After that, the quality of the bonus features tapers off considerably. Agent Dossiers is a throwaway bit, fictitious dossiers on the movie's IMF team members. Um, next …

Do you like acceptance speeches? If so -- and God help you if you do -- you're in luck. Among the extras is Cruise's three-minute acceptance speech for the 2005 Stanley Kubrick Britannia Award for Excellence in Film from the British Academy of Film and Television Arts (BAFTA)/Los Angeles. The DVD also includes Excellence in Film: Cruise, a three-minute montage of the actor's onscreen work. Among the accompanying music clips are the Rolling Stones' "Sympathy for the Devil" and Richard Strauss' "Also Sprach Zarathustra," a composition that was inspired by Friedrich Nietzche's "Superman." Was BAFTA trying to tell us something about that that Top Gun ego?

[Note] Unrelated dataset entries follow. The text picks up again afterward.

(* Let $n\ge0$, $d\ge 1$, $l>0$, and $m = 2^{n+1}-1+2l$. For integers $m'=2^{n+1}-\epsilon+2l'$ with $\epsilon\in\{0,1\}$, $l'\ge0$, set $$k^G_n(d,m') = \sum_{i\ge0}\binom{2^{n+1}-\epsilon}{d-2i}\binom{l'}{i},\qquad \bar k^C_n(d,m') = \sum_{i\ge0}\binom{2^{n+1}-1-\epsilon}{d-1-2i}\binom{l'}{i}.$$ Then $$\frac12\left[k^G_n(d,m-1)+\bar k^C_n(d,m)-k^G_n(d,m)\right] = \sum_{i\ge0}\binom{2^{n+1}-2}{d-1-2i}\binom{l-1}{i}.$$
   Context: Binomial coefficients $\binom{a}{b}$ are $0$ when $b<0$ or $b>a$. Note $m-1 = 2^{n+1}+2(l-1)$, so $k^G_n(d,m-1)$ uses $\epsilon=0$, $l'=l-1$, while $k^G_n(d,m)$ and $\bar k^C_n(d,m)$ use $\epsilon=1$, $l'=l$. *)

theory Defs
  imports Complex_Main
begin

definition binom :: "int \<Rightarrow> int \<Rightarrow> int" where
  "binom a b = (if b < 0 \<or> b > a then 0 else int (nat a choose nat b))"

text \<open>For m' = 2^(n+1) - eps + 2 l': eps is determined by the parity of m', and l' by m'.\<close>
definition epsm :: "int \<Rightarrow> int" where
  "epsm m' = (if odd m' then 1 else 0)"

definition lprime :: "nat \<Rightarrow> int \<Rightarrow> int" where
  "lprime n m' = (m' - 2 ^ (n + 1) + epsm m') div 2"

text \<open>Sums over i >= 0; all terms with i > d vanish, so the range {0..d} suffices.\<close>
definition kG :: "nat \<Rightarrow> int \<Rightarrow> int \<Rightarrow> int" where
  "kG n d m' = (\<Sum>i\<in>{0..d}. binom (2 ^ (n + 1) - epsm m') (d - 2 * i) * binom (lprime n m') i)"

definition kCbar :: "nat \<Rightarrow> int \<Rightarrow> int \<Rightarrow> int" where
  "kCbar n d m' = (\<Sum>i\<in>{0..d}. binom (2 ^ (n + 1) - 1 - epsm m') (d - 1 - 2 * i) * binom (lprime n m') i)"

end

theory Submission
  imports Defs
begin

text \<open>All three quantities are coefficients of \<open>x\<^sup>e\<close> in \<open>(1 + x)\<^sup>a (1 + x\<^sup>2)\<^sup>L\<close>.
  Pascal's rule in \<open>L\<close> (multiplying by \<open>1 + x\<^sup>2\<close>) and in \<open>a\<close> (multiplying by \<open>1 + x\<close>)
  rewrites each of them in terms of the four coefficients belonging to \<open>a = 2\<^bsup>n+1\<^esup> - 2\<close>
  and \<open>L = l - 1\<close>; in the combination of the theorem everything cancels except twice
  the coefficient of \<open>x\<^bsup>d-1\<^esup>\<close>.\<close>

definition binom_conv :: "int \<Rightarrow> int \<Rightarrow> int \<Rightarrow> int \<Rightarrow> int" where
  "binom_conv d a e L = (\<Sum>i\<in>{0..d}. binom a (e - 2 * i) * binom L i)"

lemma binom_pascal:
  assumes "a \<ge> 1"
  shows "binom a b = binom (a - 1) b + binom (a - 1) (b - 1)"
proof -
  consider "b < 0" | "b = 0" | "b > a" | "b = a" | "0 < b \<and> b < a" by linarith
  then show ?thesis
  proof cases
    case 5
    define p where "p = nat a - 1"
    define q where "q = nat b - 1"
    have p: "nat a = Suc p" and q: "nat b = Suc q" using 5 unfolding p_def q_def by auto
    have "nat (a - 1) = p" "nat (b - 1) = q" using p q by auto
    then show ?thesis using 5 p q unfolding binom_def by simp
  qed (use assms in \<open>auto simp: binom_def\<close>)
qed

lemma sum_shift_index:
  fixes F G :: "int \<Rightarrow> int"
  assumes "F (d + 1) = 0" "G (-1) = 0" "d \<ge> 0"
  shows "(\<Sum>i\<in>{0..d}. F i * G (i - 1)) = (\<Sum>i\<in>{0..d}. F (i + 1) * G i)"
proof -
  obtain k where k: "d = int k" using assms(3) by (metis nonneg_eq_int)
  have "(\<Sum>i\<in>{0..int k}. F i * G (i - 1))
      = (\<Sum>i\<in>{0..int k}. F (i + 1) * G i) - F (int k + 1) * G (int k)"
  proof (induction k)
    case 0
    then show ?case using assms(2) by simp
  next
    case (Suc k)
    have "{0..int (Suc k)} = insert (int k + 1) {0..int k}" by auto
    then show ?case using Suc by (simp add: algebra_simps)
  qed
  then show ?thesis using assms(1) k by simp
qed

lemma binom_conv_pascal_lower:
  assumes "a \<ge> 1"
  shows "binom_conv d a e L = binom_conv d (a - 1) e L + binom_conv d (a - 1) (e - 1) L"
  unfolding binom_conv_def binom_pascal[OF assms]
  by (simp add: algebra_simps sum.distrib)

lemma binom_conv_pascal_upper:
  assumes "L \<ge> 1" "0 \<le> d" "e < 2 * d + 2"
  shows "binom_conv d a e L = binom_conv d a e (L - 1) + binom_conv d a (e - 2) (L - 1)"
proof -
  have "binom_conv d a e L = binom_conv d a e (L - 1)
      + (\<Sum>i\<in>{0..d}. binom a (e - 2 * i) * binom (L - 1) (i - 1))"
    unfolding binom_conv_def binom_pascal[OF assms(1)]
    by (simp add: algebra_simps sum.distrib)
  also have "(\<Sum>i\<in>{0..d}. binom a (e - 2 * i) * binom (L - 1) (i - 1))
      = (\<Sum>i\<in>{0..d}. binom a (e - 2 * (i + 1)) * binom (L - 1) i)"
    by (rule sum_shift_index) (use assms in \<open>auto simp: binom_def\<close>)
  also have "\<dots> = binom_conv d a (e - 2) (L - 1)"
    unfolding binom_conv_def by (simp add: algebra_simps)
  finally show ?thesis .
qed

lemma kG_odd: "kG n d (2 ^ (n + 1) - 1 + 2 * l) = binom_conv d (2 ^ (n + 1) - 1) d l"
  by (simp add: kG_def binom_conv_def epsm_def lprime_def)

lemma kG_even: "kG n d (2 ^ (n + 1) + 2 * l) = binom_conv d (2 ^ (n + 1)) d l"
  by (simp add: kG_def binom_conv_def epsm_def lprime_def)

lemma kCbar_odd: "kCbar n d (2 ^ (n + 1) - 1 + 2 * l) = binom_conv d (2 ^ (n + 1) - 2) (d - 1) l"
  by (simp add: kCbar_def binom_conv_def epsm_def lprime_def)

theorem lemma6p5:
  fixes n :: nat and d l m :: int
  assumes "d \<ge> 1" and "l > 0" and "m = 2 ^ (n + 1) - 1 + 2 * l"
  shows "(real_of_int (kG n d (m - 1)) + real_of_int (kCbar n d m) - real_of_int (kG n d m)) / 2
         = real_of_int (\<Sum>i\<in>{0..d}. binom (2 ^ (n + 1) - 2) (d - 1 - 2 * i) * binom (l - 1) i)"
proof -
  define N :: int where "N = 2 ^ (n + 1)"
  have "N \<ge> 2" using power_increasing[of 1 "n + 1" "2::int"] by (simp add: N_def)
  let ?S = "\<lambda>e. binom_conv d (N - 2) e (l - 1)"
  have "m - 1 = N + 2 * (l - 1)" using assms(3) by (simp add: N_def)
  then have "kG n d (m - 1) = binom_conv d N d (l - 1)"
    unfolding N_def by (simp only: kG_even)
  also have "\<dots> = ?S d + 2 * ?S (d - 1) + ?S (d - 2)"
    using binom_conv_pascal_lower[of N] binom_conv_pascal_lower[of "N - 1"] \<open>N \<ge> 2\<close>
    by simp
  finally have kG_prev: "kG n d (m - 1) = ?S d + 2 * ?S (d - 1) + ?S (d - 2)" .
  have "kG n d m = binom_conv d (N - 1) d l"
    unfolding assms(3) N_def by (rule kG_odd)
  also have "\<dots> = binom_conv d (N - 1) d (l - 1) + binom_conv d (N - 1) (d - 2) (l - 1)"
    using binom_conv_pascal_upper[of l d d] assms by simp
  also have "\<dots> = ?S d + ?S (d - 1) + ?S (d - 2) + ?S (d - 3)"
    using binom_conv_pascal_lower[of "N - 1"] \<open>N \<ge> 2\<close> by simp
  finally have kG_m: "kG n d m = ?S d + ?S (d - 1) + ?S (d - 2) + ?S (d - 3)" .
  have kCbar_m: "kCbar n d m = ?S (d - 1) + ?S (d - 3)"
    using kCbar_odd[of n d l] binom_conv_pascal_upper[of l d "d - 1"] assms
    by (simp add: N_def)
  have "kG n d (m - 1) + kCbar n d m - kG n d m = 2 * ?S (d - 1)"
    unfolding kG_prev kG_m kCbar_m by simp
  then show ?thesis
    unfolding N_def binom_conv_def by (simp flip: of_int_add of_int_diff)
qed

end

Never let it be said that you can have too many acceptance speeches. The DVD also boasts Cruise's acceptance speech last year for the MTV Generation award. Pop culture junkies will enjoy the cringe-inducing banter between Tom and Katie Holmes, who introduces Cruise. Oh, and there is another three-minute montage of Cruise clips entitled Generation: Cruise. Yawn.

Theatrical trailers include one teaser for M:I, one trailer for M:I and one teaser for M:I:3. Nine TV spots are also available. Finally, there is an exhaustive photo gallery. Does anyone actually clamor for stills on DVDs?

Final Thoughts:

Really a mixed bag. While Mission: Impossible - Special Collector's Edition ladles on the extras, only two featurettes hold much interest, and even they are only peripherally related to the movie. All in all, this retooled DVD is a bit of a disappointment.